Stored items
lemma first_countable_nested_neighbourhoods:
  assumes "first_countable X" "x \<in> topspace X"
  obtains U :: "nat \<Rightarrow> 'a set"
  where "\<And>n. openin X (U n)" "\<And>n. x \<in> U n"
    "\<And>V. openin X V \<Longrightarrow> x \<in> V \<Longrightarrow> \<exists>m. \<forall>n\<ge>m. U n \<subseteq> V"
proof -
  obtain \<B> where "countable \<B>" and open_\<B>: "\<And>B. B \<in> \<B> \<Longrightarrow> openin X B"
    and base: "\<And>V. openin X V \<Longrightarrow> x \<in> V \<Longrightarrow> \<exists>B\<in>\<B>. x \<in> B \<and> B \<subseteq> V"
    using assms unfolding first_countable_def by meson
  define \<C> where "\<C> = {B \<in> \<B>. x \<in> B}"
  have "countable \<C>"
    using \<open>countable \<B>\<close> by (simp add: \<C>_def)
  moreover have "\<C> \<noteq> {}"
    using base[OF openin_topspace assms(2)] by (auto simp: \<C>_def)
  ultimately have \<C>: "from_nat_into \<C> n \<in> \<C>" "\<And>B. B \<in> \<C> \<Longrightarrow> \<exists>n. from_nat_into \<C> n = B" for n
    by (auto intro: from_nat_into from_nat_into_surj)
  show ?thesis
  proof
    show "openin X (\<Inter>i\<le>n. from_nat_into \<C> i)" for n
      using \<C> open_\<B> by (intro openin_Inter) (auto simp: \<C>_def)
    show "x \<in> (\<Inter>i\<le>n. from_nat_into \<C> i)" for n
      using \<C> by (auto simp: \<C>_def)
    show "\<exists>m. \<forall>n\<ge>m. (\<Inter>i\<le>n. from_nat_into \<C> i) \<subseteq> V" if V: "openin X V" "x \<in> V" for V
    proof -
      obtain m where "from_nat_into \<C> m \<subseteq> V"
        using base[OF V] \<C>(2) unfolding \<C>_def by blast
      then show ?thesis
        by (intro exI[of _ m]) auto
    qed
  qed
qed

lemma first_countable_w_set_subset_aw_set:
  fixes X :: "'a topology"
  assumes "first_countable X"
  shows "w_set X \<subseteq> aw_set X"
proof
  fix x assume x: "x \<in> w_set X"
  then have "x \<in> topspace X"
    by (simp add: w_set_def)
  obtain U :: "nat \<Rightarrow> 'a set" where open_U: "\<And>n. openin X (U n)" and x_U: "\<And>n. x \<in> U n"
    and shrink: "\<And>V. openin X V \<Longrightarrow> x \<in> V \<Longrightarrow> \<exists>m. \<forall>n\<ge>m. U n \<subseteq> V"
    using first_countable_nested_neighbourhoods[OF assms \<open>x \<in> topspace X\<close>] by metis
  have "\<forall>n. \<exists>\<beta>. nontrivial_loop X x \<beta> \<and> \<beta> ` {0..1} \<subseteq> U n"
    using x open_U x_U unfolding w_set_def by blast
  then obtain \<alpha> where \<alpha>: "\<And>n. nontrivial_loop X x (\<alpha> n)" "\<And>n. \<alpha> n ` {0..1} \<subseteq> U n"
    by metis
  have "null_sequence X x \<alpha>"
    unfolding null_sequence_def
  proof (intro conjI allI impI)
    show "loop_at X x (\<alpha> n)" for n
      using \<alpha>(1) by (simp add: nontrivial_loop_def)
    fix V assume "openin X V \<and> x \<in> V"
    then obtain m where "\<forall>n\<ge>m. U n \<subseteq> V"
      using shrink by blast
    then have "\<alpha> n ` {0..1} \<subseteq> V" if "m \<le> n" for n
      using \<alpha>(2)[of n] that by blast
    then show "\<forall>\<^sub>F n in sequentially. \<alpha> n ` {0..1} \<subseteq> V"
      unfolding eventually_sequentially by blast
  qed
  with \<alpha>(1) \<open>x \<in> topspace X\<close> show "x \<in> aw_set X"
    unfolding aw_set_def by blast
qed

theorem mainTheorem7:
  fixes X :: "'a topology"
  assumes "\<not> (subtopology X (w_set X) homotopy_equivalent_space subtopology X (aw_set X))"
  shows "\<forall>Y :: 'b topology. first_countable Y \<longrightarrow> \<not> (X homotopy_equivalent_space Y)"
proof (intro allI impI notI)
  fix Y :: "'b topology"
  assume "first_countable Y" and "X homotopy_equivalent_space Y"
  then obtain f g where f: "continuous_map X Y f" and g: "continuous_map Y X g"
    and gf: "homotopic_with (\<lambda>x. True) X X (g \<circ> f) id"
    and fg: "homotopic_with (\<lambda>x. True) Y Y (f \<circ> g) id"
    unfolding homotopy_equivalent_space_def by blast
  have w: "subtopology X (w_set X) homotopy_equivalent_space subtopology Y (w_set Y)"
    by (rule homotopy_equivalent_space_subtopologies[OF f g gf fg
          image_w_set_subset[OF f g gf] image_w_set_subset[OF g f fg]
          homotopic_id_image_w_set homotopic_id_image_w_set])
  have aw: "subtopology Y (aw_set Y) homotopy_equivalent_space subtopology X (aw_set X)"
    by (rule homotopy_equivalent_space_subtopologies[OF g f fg gf
          image_aw_set_subset[OF g f fg] image_aw_set_subset[OF f g gf]
          homotopic_id_image_aw_set homotopic_id_image_aw_set])
  have w_eq_aw: "w_set Y = aw_set Y"
    using first_countable_w_set_subset_aw_set[OF \<open>first_countable Y\<close>] aw_set_subset_w_set
    by (rule subset_antisym)
  from homotopy_eqv_trans[OF w[unfolded w_eq_aw] aw] assms show False
    by contradiction
qed

end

▸ **What this task involves**
What is needed is an exact transcription of every record above.

▸ **The answer**
lemma first_countable_nested_neighbourhoods:
  assumes "first_countable X" "x \<in> topspace X"
  obtains U :: "nat \<Rightarrow> 'a set"
  where "\<And>n. openin X (U n)" "\<And>n. x \<in> U n"
    "\<And>V. openin X V \<Longrightarrow> x \<in> V \<Longrightarrow> \<exists>m. \<forall>n\<ge>m. U n \<subseteq> V"
proof -
  obtain \<B> where "countable \<B>" and open_\<B>: "\<And>B. B \<in> \<B> \<Longrightarrow> openin X B"
    and base: "\<And>V. openin X V \<Longrightarrow> x \<in> V \<Longrightarrow> \<exists>B\<in>\<B>. x \<in> B \<and> B \<subseteq> V"
    using assms unfolding first_countable_def by meson
  define \<C> where "\<C> = {B \<in> \<B>. x \<in> B}"
  have "countable \<C>"
    using \<open>countable \<B>\<close> by (simp add: \<C>_def)
  moreover have "\<C> \<noteq> {}"
    using base[OF openin_topspace assms(2)] by (auto simp: \<C>_def)
  ultimately have \<C>: "from_nat_into \<C> n \<in> \<C>" "\<And>B. B \<in> \<C> \<Longrightarrow> \<exists>n. from_nat_into \<C> n = B" for n
    by (auto intro: from_nat_into from_nat_into_surj)
  show ?thesis
  proof
    show "openin X (\<Inter>i\<le>n. from_nat_into \<C> i)" for n
      using \<C> open_\<B> by (intro openin_Inter) (auto simp: \<C>_def)
    show "x \<in> (\<Inter>i\<le>n. from_nat_into \<C> i)" for n
      using \<C> by (auto simp: \<C>_def)
    show "\<exists>m. \<forall>n\<ge>m. (\<Inter>i\<le>n. from_nat_into \<C> i) \<subseteq> V" if V: "openin X V" "x \<in> V" for V
    proof -
      obtain m where "from_nat_into \<C> m \<subseteq> V"
        using base[OF V] \<C>(2) unfolding \<C>_def by blast
      then show ?thesis
        by (intro exI[of _ m]) auto
    qed
  qed
qed

lemma first_countable_w_set_subset_aw_set:
  fixes X :: "'a topology"
  assumes "first_countable X"
  shows "w_set X \<subseteq> aw_set X"
proof
  fix x assume x: "x \<in> w_set X"
  then have "x \<in> topspace X"
    by (simp add: w_set_def)
  obtain U :: "nat \<Rightarrow> 'a set" where open_U: "\<And>n. openin X (U n)" and x_U: "\<And>n. x \<in> U n"
    and shrink: "\<And>V. openin X V \<Longrightarrow> x \<in> V \<Longrightarrow> \<exists>m. \<forall>n\<ge>m. U n \<subseteq> V"
    using first_countable_nested_neighbourhoods[OF assms \<open>x \<in> topspace X\<close>] by metis
  have "\<forall>n. \<exists>\<beta>. nontrivial_loop X x \<beta> \<and> \<beta> ` {0..1} \<subseteq> U n"
    using x open_U x_U unfolding w_set_def by blast
  then obtain \<alpha> where \<alpha>: "\<And>n. nontrivial_loop X x (\<alpha> n)" "\<And>n. \<alpha> n ` {0..1} \<subseteq> U n"
    by metis
  have "null_sequence X x \<alpha>"
    unfolding null_sequence_def
  proof (intro conjI allI impI)
    show "loop_at X x (\<alpha> n)" for n
      using \<alpha>(1) by (simp add: nontrivial_loop_def)
    fix V assume "openin X V \<and> x \<in> V"
    then obtain m where "\<forall>n\<ge>m. U n \<subseteq> V"
      using shrink by blast
    then have "\<alpha> n ` {0..1} \<subseteq> V" if "m \<le> n" for n
      using \<alpha>(2)[of n] that by blast
    then show "\<forall>\<^sub>F n in sequentially. \<alpha> n ` {0..1} \<subseteq> V"
      unfolding eventually_sequentially by blast
  qed
  with \<alpha>(1) \<open>x \<in> topspace X\<close> show "x \<in> aw_set X"
    unfolding aw_set_def by blast
qed

theorem mainTheorem7:
  fixes X :: "'a topology"
  assumes "\<not> (subtopology X (w_set X) homotopy_equivalent_space subtopology X (aw_set X))"
  shows "\<forall>Y :: 'b topology. first_countable Y \<longrightarrow> \<not> (X homotopy_equivalent_space Y)"
proof (intro allI impI notI)
  fix Y :: "'b topology"
  assume "first_countable Y" and "X homotopy_equivalent_space Y"
  then obtain f g where f: "continuous_map X Y f" and g: "continuous_map Y X g"
    and gf: "homotopic_with (\<lambda>x. True) X X (g \<circ> f) id"
    and fg: "homotopic_with (\<lambda>x. True) Y Y (f \<circ> g) id"
    unfolding homotopy_equivalent_space_def by blast
  have w: "subtopology X (w_set X) homotopy_equivalent_space subtopology Y (w_set Y)"
    by (rule homotopy_equivalent_space_subtopologies[OF f g gf fg
          image_w_set_subset[OF f g gf] image_w_set_subset[OF g f fg]
          homotopic_id_image_w_set homotopic_id_image_w_set])
  have aw: "subtopology Y (aw_set Y) homotopy_equivalent_space subtopology X (aw_set X)"
    by (rule homotopy_equivalent_space_subtopologies[OF g f fg gf
          image_aw_set_subset[OF g f fg] image_aw_set_subset[OF f g gf]
          homotopic_id_image_aw_set homotopic_id_image_aw_set])
  have w_eq_aw: "w_set Y = aw_set Y"
    using first_countable_w_set_subset_aw_set[OF \<open>first_countable Y\<close>] aw_set_subset_w_set
    by (rule subset_antisym)
  from homotopy_eqv_trans[OF w[unfolded w_eq_aw] aw] assms show False
    by contradiction
qed

end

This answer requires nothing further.